Abstract
Purpose :
In blind people with retinal diseases such as retinitis pigmentosa, although photoreceptor cells are dead, other retinal neurons are still alive, and ganglion cells can send visual information to the brain. Okayama University-type retinal prosthesis (OURePTM) is a novel type of retinal prostheses, so called photoelectric dye-coupled thin film retinal prosthesis. The dye-coupled film generates electric potential in response to light. In this study, spike discharges were recorded from mouse retinal ganglion cells to test whether the dye-coupled film would trigger spike discharges in response to the light stimulus.
Methods :
The retina was isolated from wild-type C57BL/6J mice. The dye-coupled film was placed on the glass bottom of the recording chamber, and the isolated retia was overlaid on the film (ganglion cell layer up). The retina was continuously superfused with oxygenated artificial cerebrospinal fluid. Spike discharges were recorded from ganglion cells using a tungsten electrode attached to the amplifier. Flash-light stimuli were presented with a LED, and L-AP4 was bath applied to suppress ON responses of ganglion cells originated from photoreceptors of ganglion cells. The plain film was also used in the control condition.
Results :
In the control condition, with the plain film, ON responses were observed at the onset of light stimuli. During the application of L-AP4 ON responses were suppressed. ON responses recovered after washout of L-AP4. In the test condition, with the dye-coupled film, ON responses from ganglion cells remained during application of L-AP4.
Conclusions :
With the plain film, ON responses were suppressed by L-AP4, and recovered after washout.
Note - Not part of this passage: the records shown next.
(* For the boundary Markov chain $(M_n)$ started from any fixed initial state, almost surely \[ \limsup_{n\to\infty} \frac{M_n}{n^{2/3}\log n} < \infty . \]
   Context: The boundary Markov chain is the Markov chain $(M_n)_{n\ge0}$ on $\{0,1,2,\dots\}$ with $M_{n+1}=M_n+X_n$. Given $M_n=m$, its step $X_n$ has the law \[ \mathbb P(X_n=1\mid M_n=m)=\frac{2m+3}{3m+3}. \] For $1\le k\le m$, \[ \mathbb P(X_n=-k\mid M_n=m)=\frac{2(2k-2)!}{(k-1)!(k+1)!}\cdot\frac{m!^2(2m-2k+1)!}{(m-k)!^2(2m+1)!}. \] *)

theory Defs
  imports "HOL-Probability.Probability"
begin

definition step_prob :: "nat \<Rightarrow> int \<Rightarrow> real" where
  "step_prob m x =
    (if x = 1 then (2 * real m + 3) / (3 * real m + 3)
     else if - int m \<le> x \<and> x \<le> -1 then
       (let k = nat (- x) in
         (2 * fact (2 * k - 2) / (fact (k - 1) * fact (k + 1))) *
         ((fact m) ^ 2 * fact (2 * m - 2 * k + 1) / ((fact (m - k)) ^ 2 * fact (2 * m + 1))))
     else 0)"

definition boundary_trans :: "nat \<Rightarrow> nat \<Rightarrow> real" where
  "boundary_trans m m' = step_prob m (int m' - int m)"

definition boundary_chain :: "'a measure \<Rightarrow> (nat \<Rightarrow> 'a \<Rightarrow> nat) \<Rightarrow> nat \<Rightarrow> bool" where
  "boundary_chain P M m0 \<longleftrightarrow>
     prob_space P \<and>
     (\<forall>n. M n \<in> measurable P (count_space UNIV)) \<and>
     measure P {\<omega> \<in> space P. M 0 \<omega> = m0} = 1 \<and>
     (\<forall>n xs y. length xs = Suc n \<longrightarrow>
        measure P {\<omega> \<in> space P. (\<forall>i\<le>n. M i \<omega> = xs ! i) \<and> M (Suc n) \<omega> = y}
        = measure P {\<omega> \<in> space P. \<forall>i\<le>n. M i \<omega> = xs ! i} * boundary_trans (xs ! n) y)"

end

theory Submission
  imports Defs
begin

(* The function F = boundary_lyapunov, F y = 4^y y (y + 1) / ((2 y + 1) (2y choose y)), has
   drift exactly 4/3 under the chain, so F (M n) - 4 n / 3 is a martingale, and F y is of
   order y^(3/2).  A maximal inequality bounds the probability that
   F (M i) reaches V = 2^j (j + 1)^(3/2) for some i <= 2^(j + 1) by O(j^(-3/2)), which is
   summable.  By Borel-Cantelli, almost surely F (M n) < V on every dyadic block from some j on,
   hence M n ^ 3 <= 2 V^2 = O(n^2 (log n)^3). *)

(* central_binom_ratio n = (2n choose n) / 4^n *)
fun central_binom_ratio :: "nat \<Rightarrow> real" where
  "central_binom_ratio 0 = 1"
| "central_binom_ratio (Suc n) = central_binom_ratio n * (2 * real n + 1) / (2 * real n + 2)"

lemma central_binom_ratio_pos: "central_binom_ratio n > 0"
  by (induction n) auto

lemma fact_double_eq: "fact (2 * n) = 4 ^ n * central_binom_ratio n * (fact n) ^ 2"
proof (induction n)
  case 0
  then show ?case by simp
next
  case (Suc n)
  have "fact (2 * Suc n) = (2 * real n + 2) * (2 * real n + 1) * (fact (2 * n) :: real)"
    by (simp add: algebra_simps)
  with Suc show ?case
    by (simp add: field_simps power2_eq_square)
qed

lemma fact_double_Suc:
  "fact (2 * n + 1) = (2 * real n + 1) * 4 ^ n * central_binom_ratio n * (fact n) ^ 2"
  using fact_double_eq[of n] by (simp add: algebra_simps)

lemma central_binom_ratio_sq_le: "central_binom_ratio n ^ 2 * (2 * real n + 1) \<le> 1"
proof (induction n)
  case 0
  then show ?case by simp
next
  case (Suc n)
  have "(2 * real n + 1) * (2 * real n + 3) \<le> (2 * real n + 2) ^ 2"
    by (simp add: power2_eq_square algebra_simps)
  then have shrink: "(2 * real n + 1) * (2 * real n + 3) / (2 * real n + 2) ^ 2 \<le> 1"
    by simp
  have "central_binom_ratio (Suc n) ^ 2 * (2 * real (Suc n) + 1)
      = central_binom_ratio n ^ 2 * (2 * real n + 1)
        * ((2 * real n + 1) * (2 * real n + 3) / (2 * real n + 2) ^ 2)"
    by (simp add: power2_eq_square field_simps)
  also have "\<dots> \<le> 1 * 1"
    using Suc.IH shrink by (intro mult_mono) auto
  finally show ?case by simp
qed

definition boundary_lyapunov :: "nat \<Rightarrow> real" where
  "boundary_lyapunov y = real y * (real y + 1) / ((2 * real y + 1) * central_binom_ratio y)"

lemma boundary_lyapunov_nonneg: "boundary_lyapunov y \<ge> 0"
  unfolding boundary_lyapunov_def using central_binom_ratio_pos[of y] by simp

lemma cube_le_boundary_lyapunov_sq: "real y ^ 3 \<le> 2 * boundary_lyapunov y ^ 2"
proof -
  have "(2 * real y + 1) ^ 2 * central_binom_ratio y ^ 2 \<le> 2 * real y + 1"
    using mult_left_mono[OF central_binom_ratio_sq_le[of y], of "2 * real y + 1"]
    by (simp add: power2_eq_square algebra_simps)
  moreover have "(2 * real y + 1) ^ 2 * central_binom_ratio y ^ 2 > 0"
    using central_binom_ratio_pos[of y] by simp
  ultimately have "(real y * (real y + 1)) ^ 2 / (2 * real y + 1) \<le> boundary_lyapunov y ^ 2"
    unfolding boundary_lyapunov_def power_divide power_mult_distrib
    by (intro divide_left_mono) auto
  moreover have "real y ^ 3 \<le> 2 * ((real y * (real y + 1)) ^ 2 / (2 * real y + 1))"
    by (simp add: field_simps power2_eq_square power3_eq_cube)
  ultimately show ?thesis by simp
qed

definition down_weight :: "nat \<Rightarrow> real" where
  "down_weight j = central_binom_ratio j / (2 * ((real j + 1) * (real j + 2)))"

lemma step_prob_down:
  "step_prob (y + j + 1) (- (int j + 1))
     = down_weight j * (2 * real y + 1) * central_binom_ratio y
       / ((2 * real (y + j + 1) + 1) * central_binom_ratio (y + j + 1))"
proof -
  define m where "m = y + j + 1"
  have fact_j2: "fact (j + 2) = (real j + 1) * (real j + 2) * fact j"
    by (simp add: numeral_2_eq_2 algebra_simps)
  have "step_prob m (- (int j + 1)) =
      2 * fact (2 * j) / (fact j * fact (j + 2)) *
      ((fact m) ^ 2 * fact (2 * y + 1) / ((fact y) ^ 2 * fact (2 * m + 1)))"
  proof -
    have "nat (- (- (int j + 1))) = j + 1" "2 * (j + 1) - 2 = 2 * j"
      "2 * m - 2 * (j + 1) + 1 = 2 * y + 1" "m - (j + 1) = y"
      unfolding m_def by simp_all
    then show ?thesis
      unfolding step_prob_def Let_def m_def by (simp add: numeral_2_eq_2)
  qed
  also have "\<dots> = 2 * (4 ^ j * central_binom_ratio j * (fact j) ^ 2)
        / (fact j * ((real j + 1) * (real j + 2) * fact j))
      * ((fact m) ^ 2 * ((2 * real y + 1) * 4 ^ y * central_binom_ratio y * (fact y) ^ 2)
        / ((fact y) ^ 2 * ((2 * real m + 1) * 4 ^ m * central_binom_ratio m * (fact m) ^ 2)))"
    by (simp only: fact_double_eq fact_double_Suc fact_j2)
  also have "\<dots> = 2 * 4 ^ j * central_binom_ratio j / ((real j + 1) * (real j + 2))
      * ((2 * real y + 1) * 4 ^ y * central_binom_ratio y
        / ((2 * real m + 1) * (4 * 4 ^ j * 4 ^ y) * central_binom_ratio m))"
    by (simp add: power2_eq_square m_def power_add)
  also have "\<dots> = down_weight j * (2 * real y + 1) * central_binom_ratio y
      / ((2 * real m + 1) * central_binom_ratio m)"
    by (simp add: down_weight_def divide_simps)
  finally show ?thesis
    unfolding m_def .
qed

lemma sum_down_weight: "(\<Sum>j<m. down_weight j) = 1/3 - central_binom_ratio m / (3 * (real m + 1))"
proof (induction m)
  case 0
  then show ?case by simp
next
  case (Suc m)
  have "(\<Sum>j<Suc m. down_weight j)
      = 1/3 - central_binom_ratio m / (3 * (real m + 1))
        + central_binom_ratio m / (2 * (real m + 1) * (real m + 2))"
    unfolding sum.lessThan_Suc Suc.IH by (simp add: down_weight_def)
  also have "\<dots> = 1/3 - central_binom_ratio (Suc m) / (3 * (real (Suc m) + 1))"
    by (simp add: divide_simps) (simp add: algebra_simps)
  finally show ?case .
qed

lemma sum_down_weight_linear:
  "(\<Sum>j<m. down_weight j * (real m - real j)) = (real m - 1) / 3 + 2/3 * central_binom_ratio (Suc m)"
proof (induction m)
  case 0
  then show ?case by simp
next
  case (Suc m)
  have "(\<Sum>j<Suc m. down_weight j * (real (Suc m) - real j))
      = (\<Sum>j<Suc m. down_weight j * (real m - real j) + down_weight j)"
    by (intro sum.cong) (simp_all add: algebra_simps)
  also have "\<dots> = (\<Sum>j<m. down_weight j * (real m - real j)) + (\<Sum>j<Suc m. down_weight j)"
    by (simp add: sum.distrib)
  also have "\<dots> = (real (Suc m) - 1) / 3 + 2/3 * central_binom_ratio (Suc (Suc m))"
    unfolding Suc.IH sum_down_weight by (simp add: divide_simps) (simp add: algebra_simps)
  finally show ?case .
qed

lemma sum_down_weight_quadratic:
  "(\<Sum>j<m. down_weight j * (real m - real j - 1) * (real m - real j))
     = (real m + 1) * (real m - 4) / 3 + 4/3 * (2 * real m + 1) * central_binom_ratio m"
proof (induction m)
  case 0
  then show ?case by simp
next
  case (Suc m)
  have "(\<Sum>j<Suc m. down_weight j * (real (Suc m) - real j - 1) * (real (Suc m) - real j))
      = (\<Sum>j<m. down_weight j * (real m - real j - 1) * (real m - real j)
          + 2 * (down_weight j * (real m - real j)))"
    by (simp add: algebra_simps)
  also have "\<dots> = (\<Sum>j<m. down_weight j * (real m - real j - 1) * (real m - real j))
        + 2 * (\<Sum>j<m. down_weight j * (real m - real j))"
    by (simp add: sum.distrib sum_distrib_left)
  also have "\<dots> = (real (Suc m) + 1) * (real (Suc m) - 4) / 3
      + 4/3 * (2 * real (Suc m) + 1) * central_binom_ratio (Suc m)"
    unfolding Suc.IH sum_down_weight_linear by (simp add: divide_simps) (simp add: algebra_simps)
  finally show ?case .
qed

lemma boundary_trans_mult_lyapunov_down:
  "(\<Sum>y<m. boundary_trans m y * boundary_lyapunov y)
     = (\<Sum>j<m. down_weight j * (real m - real j - 1) * (real m - real j))
       / ((2 * real m + 1) * central_binom_ratio m)"
proof -
  have "boundary_trans m (m - Suc j) * boundary_lyapunov (m - Suc j)
      = down_weight j * (real m - real j - 1) * (real m - real j)
        / ((2 * real m + 1) * central_binom_ratio m)" if "j < m" for j
  proof -
    define y where "y = m - Suc j"
    have m: "m = y + j + 1" and jump: "int y - int m = - (int j + 1)"
      using that unfolding y_def by auto
    have "boundary_trans m y = step_prob m (- (int j + 1))"
      unfolding boundary_trans_def jump ..
    also have "\<dots> = down_weight j * (2 * real y + 1) * central_binom_ratio y
        / ((2 * real m + 1) * central_binom_ratio m)"
      unfolding m by (rule step_prob_down)
    finally have "boundary_trans m y * boundary_lyapunov y
        = down_weight j * real y * (real y + 1) / ((2 * real m + 1) * central_binom_ratio m)"
      unfolding boundary_lyapunov_def using central_binom_ratio_pos[of y] central_binom_ratio_pos[of m]
      by (simp add: divide_simps del: central_binom_ratio.simps)
    then show ?thesis
      unfolding y_def using that by (simp add: algebra_simps)
  qed
  then have "(\<Sum>j<m. boundary_trans m (m - Suc j) * boundary_lyapunov (m - Suc j))
      = (\<Sum>j<m. down_weight j * (real m - real j - 1) * (real m - real j)
        / ((2 * real m + 1) * central_binom_ratio m))"
    by (intro sum.cong) auto
  then show ?thesis
    using sum.nat_diff_reindex[of "\<lambda>y. boundary_trans m y * boundary_lyapunov y" m]
    by (simp add: sum_divide_distrib)
qed

lemma boundary_trans_lyapunov_drift:
  "(\<Sum>y\<le>Suc m. boundary_trans m y * boundary_lyapunov y) = boundary_lyapunov m + 4/3"
proof -
  have "{..Suc m} = insert (Suc m) (insert m {..<m})"
    by auto
  moreover have "boundary_trans m m = 0"
    unfolding boundary_trans_def step_prob_def by simp
  moreover have "boundary_trans m (Suc m) = (2 * real m + 3) / (3 * real m + 3)"
    unfolding boundary_trans_def step_prob_def by simp
  ultimately have "(\<Sum>y\<le>Suc m. boundary_trans m y * boundary_lyapunov y)
      = (2 * real m + 3) / (3 * real m + 3) * boundary_lyapunov (Suc m)
        + ((real m + 1) * (real m - 4) / 3 + 4/3 * (2 * real m + 1) * central_binom_ratio m)
          / ((2 * real m + 1) * central_binom_ratio m)"
    by (simp add: boundary_trans_mult_lyapunov_down sum_down_weight_quadratic)
  also have "\<dots> = boundary_lyapunov m + 4/3"
    using central_binom_ratio_pos[of m] unfolding boundary_lyapunov_def
    by (simp add: divide_simps) (simp add: algebra_simps)
  finally show ?thesis .
qed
This result indicates that our experimental condition is physiologically appropriate for evaluation of the efficacy of the dye-coupled film. With the dye coupled film, ON responses were remained during application of L-AP4 suggesting that the dye coupled film could work as retinal prostheses which could trigger spike discharges of ganglion cells without photoreceptors.
This abstract was presented at the 2023 ARVO Annual Meeting, held in New Orleans, LA, April 23-27, 2023.